FY18 | FY19 | FY20 | FY21 | FY22 | Average | ||
Earnings per Share ($) | 2.11 | 2.20 | 2.47 | 3.47 | 3.26 | ||
Average Market Price ($) | 34.3 | 34.1 | 29.5 | 38.6 | 38.7 | ||
Historical P/E | 16.2x | 15.5x | 11.9x | 11.1x | 11.9x | 13.3x | |
Source: Company Financials, Yahoo Finance, Author's Estimates |
Multiplying the average P/E multiple with the forecast earnings per share of $3.38 gives a target price of $45.10 for the end of 2023. This price target implies a 16.3% upside from the February 14 closing price. The following table shows the sensitivity of the target price to the P/E ratio.

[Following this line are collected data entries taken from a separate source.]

lemma four_dvd_two_part_eps_r:
  assumes "m \<noteq> 0" and "4 dvd m" and "\<forall>k\<in>T. odd k"
  shows "4 dvd two_part (eps_r m T)"
proof (rule ccontr)
  define r where "r = eps_r m T"
  assume "\<not> 4 dvd two_part (eps_r m T)"
  then have "two_part r \<le> 2" unfolding r_def by (intro dvd_imp_le two_part_dvd_two) simp_all
  then have "r \<le> 2 * odd_part r"
    using mult_le_mono1[of "two_part r" 2 "odd_part r"] by (simp add: two_part_mult_odd_part)
  moreover have adm: "eps_admissible m T r" unfolding r_def using \<open>m \<noteq> 0\<close> by (rule eps_r_admissible)
  then have "4 * odd_part r \<le> r"
    unfolding r_def using eps_r_greatest eps_admissible_four_times_odd_part assms by blast
  moreover have "r \<noteq> 0" using adm \<open>m \<noteq> 0\<close> by (auto simp: eps_admissible_def)
  then have "odd (odd_part r)" by (rule odd_odd_part)
  then have "odd_part r > 0" by (rule odd_pos)
  ultimately show False by simp
qed

lemma eps_of_eq_minus_one_iff:
  assumes "m \<noteq> 0" and coprime: "\<forall>k\<in>T. coprime k m"
  shows "eps_of m T = -1 \<longleftrightarrow> 4 dvd m \<and> \<not> (\<forall>k\<in>T. [k = 1] (mod 4))"
proof -
  define t where "t = two_part (eps_r m T)"
  have adm: "eps_admissible m T (eps_r m T)" using \<open>m \<noteq> 0\<close> by (rule eps_r_admissible)
  then have "t dvd m" unfolding eps_admissible_def t_def using two_part_dvd by (meson dvd_trans)
  have eps: "eps_of m T = -1 \<longleftrightarrow> (\<exists>k\<in>T. \<not> [k = 1] (mod t))"
    by (simp add: eps_of_def t_def)
  show ?thesis
  proof
    assume "eps_of m T = -1"
    then obtain k where k: "k \<in> T" and not_one: "\<not> [k = 1] (mod t)" by (auto simp: eps)
    with adm have minus_one: "[int k = -1] (mod int t)"
      by (auto simp: eps_admissible_def t_def simp flip: cong_int_iff)
    have "4 dvd t" using minus_one not_one unfolding t_def by (rule four_dvd_two_part_if_cong_minus_one)
    then have "int 4 dvd int t" by (simp only: int_dvd_int_iff)
    with minus_one have "[int k = -1] (mod 4)" by (simp add: cong_dvd_modulus)
    then show "4 dvd m \<and> \<not> (\<forall>k\<in>T. [k = 1] (mod 4))"
      using cong_minus_one_imp_not_cong_one_mod_four \<open>4 dvd t\<close> \<open>t dvd m\<close> k by (blast intro: dvd_trans)
  next
    assume "4 dvd m \<and> \<not> (\<forall>k\<in>T. [k = 1] (mod 4))"
    then obtain k where "4 dvd m" and k: "k \<in> T" and not_one: "\<not> [k = 1] (mod 4)" by blast
    have "\<forall>k\<in>T. odd k"
      using coprime \<open>4 dvd m\<close> coprime_even_imp_odd by (meson dvd_trans even_numeral)
    then have "4 dvd t" unfolding t_def using \<open>m \<noteq> 0\<close> \<open>4 dvd m\<close> four_dvd_two_part_eps_r by blast
    with not_one have "\<not> [k = 1] (mod t)" using cong_dvd_modulus_nat by blast
    with k show "eps_of m T = -1" by (auto simp: eps)
  qed
qed

context group
begin

lemma inv_mult_cancel_left: "x \<in> carrier G \<Longrightarrow> y \<in> carrier G \<Longrightarrow> inv x \<otimes> (x \<otimes> y) = y"
  by (simp add: m_assoc [symmetric])

lemma mult_inv_cancel_left: "x \<in> carrier G \<Longrightarrow> y \<in> carrier G \<Longrightarrow> x \<otimes> (inv x \<otimes> y) = y"
  by (simp add: m_assoc [symmetric])

lemma pow_eq_pow_iff_cong_ord:
  assumes "x \<in> carrier G"
  shows "x [^] (i::nat) = x [^] (j::nat) \<longleftrightarrow> [i = j] (mod ord x)"
  using int_pow_eq[OF assms, of "int i" "int j"]
  by (simp add: int_pow_int cong_iff_dvd_diff dvd_diff_commute flip: cong_int_iff)

lemma int_pow_eq_nat_pow_mod:
  assumes "finite (carrier G)" and "x \<in> carrier G"
  shows "x [^] (n::int) = x [^] nat (n mod int (ord x))"
proof -
  have "ord x > 0" using ord_ge_1 assms by fastforce
  then have "x [^] n = x [^] (n mod int (ord x))"
    using int_pow_eq[OF assms(2)] mod_eq_dvd_iff[of "n mod int (ord x)" "int (ord x)" n] by simp
  then show ?thesis using \<open>ord x > 0\<close> by (simp flip: int_pow_int)
qed

lemma conj_hom: "h \<in> carrier G \<Longrightarrow> (\<lambda>x. h \<otimes> x \<otimes> inv h) \<in> hom G G"
  by (rule homI) (simp_all add: m_assoc inv_mult_cancel_left)

lemma conj_nat_pow:
  "h \<in> carrier G \<Longrightarrow> x \<in> carrier G \<Longrightarrow> h \<otimes> x [^] (n::nat) \<otimes> inv h = (h \<otimes> x \<otimes> inv h) [^] n"
  using hom_nat_pow[OF conj_hom] is_group by blast
(* Let $k\ge 1$ and let $D_k\in\{0,1\}^{k\times k}$ be the matrix with $\mathrm{supp}(D_k)=\{(i,i):i\in[k]\}$. A matrix $M\in\{0,1\}^{m\times n}$ avoids $D_k$ as an interval minor if and only if $M$ contains $k-1$ increasing walks $W_1,\dots,W_{k-1}$ from $(m,1)$ to $(1,n)$ such that $\mathrm{supp}(M)\subseteq W_1\cup\dots\cup W_{k-1}$.
   Context: Rows are numbered top to bottom, columns left to right; $(i,j)$ is the entry in row $i$, column $j$; $\mathrm{supp}(M)$ is the set of 1-entries; $[k]=\{1,\dots,k\}$, $(a,b]=\{a+1,\dots,b\}$. A pattern $P\in\{0,1\}^{k\times\ell}$ is an interval minor of $M\in\{0,1\}^{m\times n}$ if there are integers $0=r_0<\dots<r_k=m$ and $0=c_0<\dots<c_\ell=n$ such that for each 1-entry $(i,j)$ of $P$ the submatrix of $M$ on rows $(r_{i-1},r_i]$ and columns $(c_{j-1},c_j]$ contains a 1-entry; otherwise $M$ avoids $P$. An increasing walk from $e$ to $e'$ in $M$ is a set of entries $\{e_0,\dots,e_t\}$, $e_i=(r_i,c_i)$, with $e_0=e$, $e_t=e'$, and for each $i\in[t]$ either $r_i=r_{i-1}$ and $c_i=c_{i-1}+1$, or $r_i=r_{i-1}-1$ and $c_i=c_{i-1}$. *)

theory Defs
  imports Main
begin

text \<open>A 0/1 matrix with m rows and n columns is modelled as a predicate
  M :: nat \<Rightarrow> nat \<Rightarrow> bool, where M i j means entry (i,j) is 1;
  only entries with 1 \<le> i \<le> m and 1 \<le> j \<le> n are meaningful.\<close>

definition supp :: "nat \<Rightarrow> nat \<Rightarrow> (nat \<Rightarrow> nat \<Rightarrow> bool) \<Rightarrow> (nat \<times> nat) set" where
  "supp m n M = {(i, j). i \<in> {1..m} \<and> j \<in> {1..n} \<and> M i j}"

definition interval_minor ::
  "nat \<Rightarrow> nat \<Rightarrow> (nat \<Rightarrow> nat \<Rightarrow> bool) \<Rightarrow> nat \<Rightarrow> nat \<Rightarrow> (nat \<Rightarrow> nat \<Rightarrow> bool) \<Rightarrow> bool" where
  "interval_minor k l P m n M \<longleftrightarrow>
     (\<exists>r c :: nat \<Rightarrow> nat.
        r 0 = 0 \<and> r k = m \<and> (\<forall>i<k. r i < r (Suc i)) \<and>
        c 0 = 0 \<and> c l = n \<and> (\<forall>j<l. c j < c (Suc j)) \<and>
        (\<forall>(i, j) \<in> supp k l P.
           \<exists>a b. a \<in> {r (i - 1) <.. r i} \<and> b \<in> {c (j - 1) <.. c j} \<and> M a b))"

definition diag_pattern :: "nat \<Rightarrow> nat \<Rightarrow> bool" where
  "diag_pattern i j \<longleftrightarrow> i = j"

definition increasing_walk ::
  "nat \<Rightarrow> nat \<Rightarrow> nat \<times> nat \<Rightarrow> nat \<times> nat \<Rightarrow> (nat \<times> nat) set \<Rightarrow> bool" where
  "increasing_walk m n e e' W \<longleftrightarrow>
     (\<exists>(t::nat) (f :: nat \<Rightarrow> nat \<times> nat).
        W = f ` {0..t} \<and> f 0 = e \<and> f t = e' \<and>
        (\<forall>s\<in>{0..t}. fst (f s) \<in> {1..m} \<and> snd (f s) \<in> {1..n}) \<and>
        (\<forall>s\<in>{1..t}.
           (fst (f s) = fst (f (s - 1)) \<and> snd (f s) = snd (f (s - 1)) + 1) \<or>
           (fst (f s) + 1 = fst (f (s - 1)) \<and> snd (f s) = snd (f (s - 1)))))"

P/E Multiple | 11.3x | 12.3x | 13.3x | 14.3x | 15.3x |
EPS 2023 ($) | 3.38 | 3.38 | 3.38 | 3.38 | 3.38 |
Target Price ($) | 38.3 | 41.7 | 45.1 | 48.4 | 51.8 |
Market Price ($) | 38.8 | 38.8 | 38.8 | 38.8 | 38.8 |
Upside/(Downside) | (1.2)% | 7.5% | 16.3% | 25.0% | 33.7% |
Source: Author's Estimates |
Equally weighting the target prices from the two valuation methods gives a combined target price of $39.80, which implies a 2.6% upside from the current market price. Adding the forward dividend yield gives a total expected return of 6.4%. Hence, I'm maintaining a hold rating on Southside Bancshares.